I think that the core problem in both cases is that perhaps 99.9% of everything in the SDK is generated from one central API specification. This is really the only way that you can manage multiple SDKs for over 100 services, each of which exposes dozens of operations. However, that 0.1% (or less) is what gives each SDK its personality, and it seems that the documentation generators for the v2 Java SDK aren't keeping up with the custom pieces. Fortunately, there's Google and Stack Overflow.

There are still missing capabilities
According to the migration guide, “higher level” libraries like the S3 Transfer Manager aren't available; if you need them you'll need to use both the V1 and V2 SDKs. I haven't verified this myself, but in the past I've used the Transfer Manager very heavily and have recommended it to others.

So what would be a compelling reason to switch? The only one I can think of is the ability to use HTTP/2 and true asynchronous clients. Both can improve performance when you're making large numbers of concurrent API calls. Of course, there are often better alternatives to making large numbers of API calls, especially calls that run the risk of being throttled (and a bonus complaint about AWS APIs in general: they have many different ways to report throttling).
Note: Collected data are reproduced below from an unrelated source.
(* Consider the control-affine system described in the context, with safe set $\mathcal{C}=\{x\in\mathbb{R}^{m+n}: h(x)\geq 0\}$. Suppose that: (i) Assumptions A, B and C (see context) hold; (ii) there exist positive constants $\gamma,\epsilon_1,\epsilon_2>0$ and $\gamma^\theta_i,\gamma^\lambda_i>0$, $i\in[n]$, such that for every $x\in\mathcal{C}$ the set $$K_{BF}(x)=\{\mathfrak{u}\in\mathbb{R}^n : \Psi_0(x)+\Psi_1(x)\mathfrak{u}\geq 0\}$$ is non-empty, where $$\Psi_0(x)=\mathcal{M}(x)+\sum_{i=1}^n h_{x_2,i}(x)\,\theta_i^{0\top}\varphi_i(x)-n(\epsilon_1+\epsilon_2)+\gamma\Big[h(x)-\sum_{i=1}^n\Big(\frac{\bar\mu_i^2}{2\gamma_i^\theta}+\frac{\bar\nu_i^2}{2\gamma_i^\lambda}\Big)\Big],$$ $$\Psi_1(x)=\big[h_{x_2,1}^2(g_1+\lambda_1^{0\top}\psi_1),\ h_{x_2,2}^2(g_2+\lambda_2^{0\top}\psi_2),\ \dots,\ h_{x_2,n}^2(g_n+\lambda_n^{0\top}\psi_n)\big]\in\mathbb{R}^{1\times n}$$ (all functions evaluated at $x$); (iii) for each $i\in[n]$, the scalar estimates $\hat\mu_i,\hat\nu_i$ evolve according to $$\dot{\hat\mu}_i=-\gamma\hat\mu_i+\gamma_i^\theta|h_{x_2,i}|\,\|\varphi_i\|,\qquad \dot{\hat\nu}_i=-\gamma\hat\nu_i+\gamma_i^\lambda h_{x_2,i}^2|u_{0,i}|\,\|\psi_i\|,$$ with $\hat\mu_i(0)>0$, $\hat\nu_i(0)>0$, where $u_0=[u_{0,1},\dots,u_{0,n}]^\top$ is a Lipschitz function satisfying $u_0\in K_{BF}(x)$; (iv) $h(x(0))\geq \sum_{i=1}^n\Big(\frac{\hat\mu_i(0)^2+\bar\mu_i^2}{2\gamma_i^\theta}+\frac{\hat\nu_i(0)^2+\bar\nu_i^2}{2\gamma_i^\lambda}\Big)$. Then the control input $u=h_{x_2}^\top\odot s(u_0)\in\mathbb{R}^n$, where $s(u_0)=[s_1(u_{0,1}),\dots,s_n(u_{0,n})]^\top$ with $$s_i(u_{0,i})=u_{0,i}+\frac{\kappa_{1,i}}{b_i}+\frac{\kappa_{2,i}^2u_{0,i}^2}{b_i(\kappa_{2,i}|h_{x_2,i}||u_{0,i}|+\epsilon_2)},\quad \kappa_{1,i}=\frac{\hat\mu_i^2\|\varphi_i\|^2}{\hat\mu_i\|\varphi_i\||h_{x_2,i}|+\epsilon_1},\quad \kappa_{2,i}=\hat\nu_i\|\psi_i\||h_{x_2,i}|,$$ ensures $h(x(t))\geq 0$ for all $t>0$ along the closed-loop trajectory.
   Context: Let $m\ge 0$, $n\ge 1$ be integers, $[n]=\{1,\dots,n\}$. The state is $x=(x_1,x_2)\in\mathbb{R}^{m+n}$, $x_1\in\mathbb{R}^m$, $x_2\in\mathbb{R}^n$, the input $u\in\mathbb{R}^n$, and the system is $$\dot x=f(x)+f_u(x)+\begin{pmatrix}0_m\\ f_\theta(x)\end{pmatrix}+\begin{pmatrix}0_{m\times n}\\ g(x)+g_\lambda(x)\end{pmatrix}u,$$ where $f:\mathbb{R}^{m+n}\to\mathbb{R}^{m+n}$ is a known Lipschitz function, $f_u:\mathbb{R}^{m+n}\to\mathbb{R}^{m+n}$ is an unknown Lipschitz function, $f_\theta(x)=[\theta_1^\top\varphi_1(x),\dots,\theta_n^\top\varphi_n(x)]^\top$, $g(x)=\mathrm{diag}(g_1(x),\dots,g_n(x))$, $g_\lambda(x)=\mathrm{diag}(\lambda_1^\top\psi_1(x),\dots,\lambda_n^\top\psi_n(x))$, with known functions $g_i:\mathbb{R}^{m+n}\to\mathbb{R}$, $\varphi_i:\mathbb{R}^{m+n}\to\mathbb{R}^{p_i}$, $\psi_i:\mathbb{R}^{m+n}\to\mathbb{R}^{q_i}$, and unknown constant parameter vectors $\theta_i\in\mathbb{R}^{p_i}$, $\lambda_i\in\mathbb{R}^{q_i}$. The function $h:\mathbb{R}^{m+n}\to\mathbb{R}$ is continuously differentiable; $h_x=\partial h/\partial x\in\mathbb{R}^{1\times(m+n)}$ and $h_{x_2}=\partial h/\partial x_2\in\mathbb{R}^{1\times n}$ are row vectors with entries $h_{x,j}$, $h_{x_2,i}$. Norms are Euclidean; $\odot$ is the entrywise (Hadamard) product; vector inequalities are entrywise. Assumption A: there are known functions $\underline f_u,\overline f_u:\mathbb{R}^{m+n}\to\mathbb{R}^{m+n}$ with $\underline f_u(x)\le f_u(x)\le\overline f_u(x)$ for all $x$; write $\underline f_{u,j},\overline f_{u,j}$ for their entries. Assumption B: for each $i\in[n]$ there are known vectors with $\underline\theta_i\le\theta_i\le\overline\theta_i$ and $\underline\lambda_i\le\lambda_i\le\overline\lambda_i$. Assumption C: for each $i\in[n]$ there is a constant $b_i>0$ such that $g_i(x)+\lambda_i^\top\psi_i(x)\geq b_i$ for all $x\in\mathcal{C}$. Fix nominal values $\theta_i^0,\lambda_i^0$ with $\underline\theta_i\le\theta_i^0\le\overline\theta_i$, $\underline\lambda_i\le\lambda_i^0\le\overline\lambda_i$, and set $\bar\mu_i=\sqrt{\sum_{j=1}^{p_i}\max\{((\overline\theta_i)_j-(\theta_i^0)_j)^2,((\underline\theta_i)_j-(\theta_i^0)_j)^2\}}$, $\bar\nu_i=\sqrt{\sum_{j=1}^{q_i}\max\{((\overline\lambda_i)_j-(\lambda_i^0)_j)^2,((\underline\lambda_i)_j-(\lambda_i^0)_j)^2\}}$ (so that $\|\theta_i-\theta_i^0\|\le\bar\mu_i$, $\|\lambda_i-\lambda_i^0\|\le\bar\nu_i$). Define $\mathcal{M}(x)=h_x(x)f(x)+\sum_{j=1}^{m+n}\min\{h_{x,j}(x)\underline f_{u,j}(x),\,h_{x,j}(x)\overline f_{u,j}(x)\}$. *)

theory Defs
  imports "HOL-Analysis.Analysis"
begin

text \<open>Variable-length parameter vectors in R^p are represented as functions
  nat => real, of which only the entries 0..p-1 matter.\<close>

definition ip :: "nat \<Rightarrow> (nat \<Rightarrow> real) \<Rightarrow> (nat \<Rightarrow> real) \<Rightarrow> real" where
  "ip p a b = (\<Sum>j<p. a j * b j)"

definition vnorm :: "nat \<Rightarrow> (nat \<Rightarrow> real) \<Rightarrow> real" where
  "vnorm p a = sqrt (\<Sum>j<p. (a j)\<^sup>2)"

definition vle :: "nat \<Rightarrow> (nat \<Rightarrow> real) \<Rightarrow> (nat \<Rightarrow> real) \<Rightarrow> bool" where
  "vle p a b = (\<forall>j<p. a j \<le> b j)"

definition dev_bound :: "nat \<Rightarrow> (nat \<Rightarrow> real) \<Rightarrow> (nat \<Rightarrow> real) \<Rightarrow> (nat \<Rightarrow> real) \<Rightarrow> real" where
  "dev_bound p lo hi c = sqrt (\<Sum>j<p. max ((hi j - c j)\<^sup>2) ((lo j - c j)\<^sup>2))"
One thing that is not compelling is the fear that one day AWS will decide to discontinue the version 1 SDK. First, because AWS never seems to deprecate/remove anything (does anyone still use SimpleDB? how about the Simple Workflow Service?). But more important is the existing code that uses version 1. I don't know how many millions of lines there are, but I suspect that it's large. And I also suspect that most of it belongs to companies that pay Amazon lots of money and would seriously reconsider cloud providers if required to update their codebases.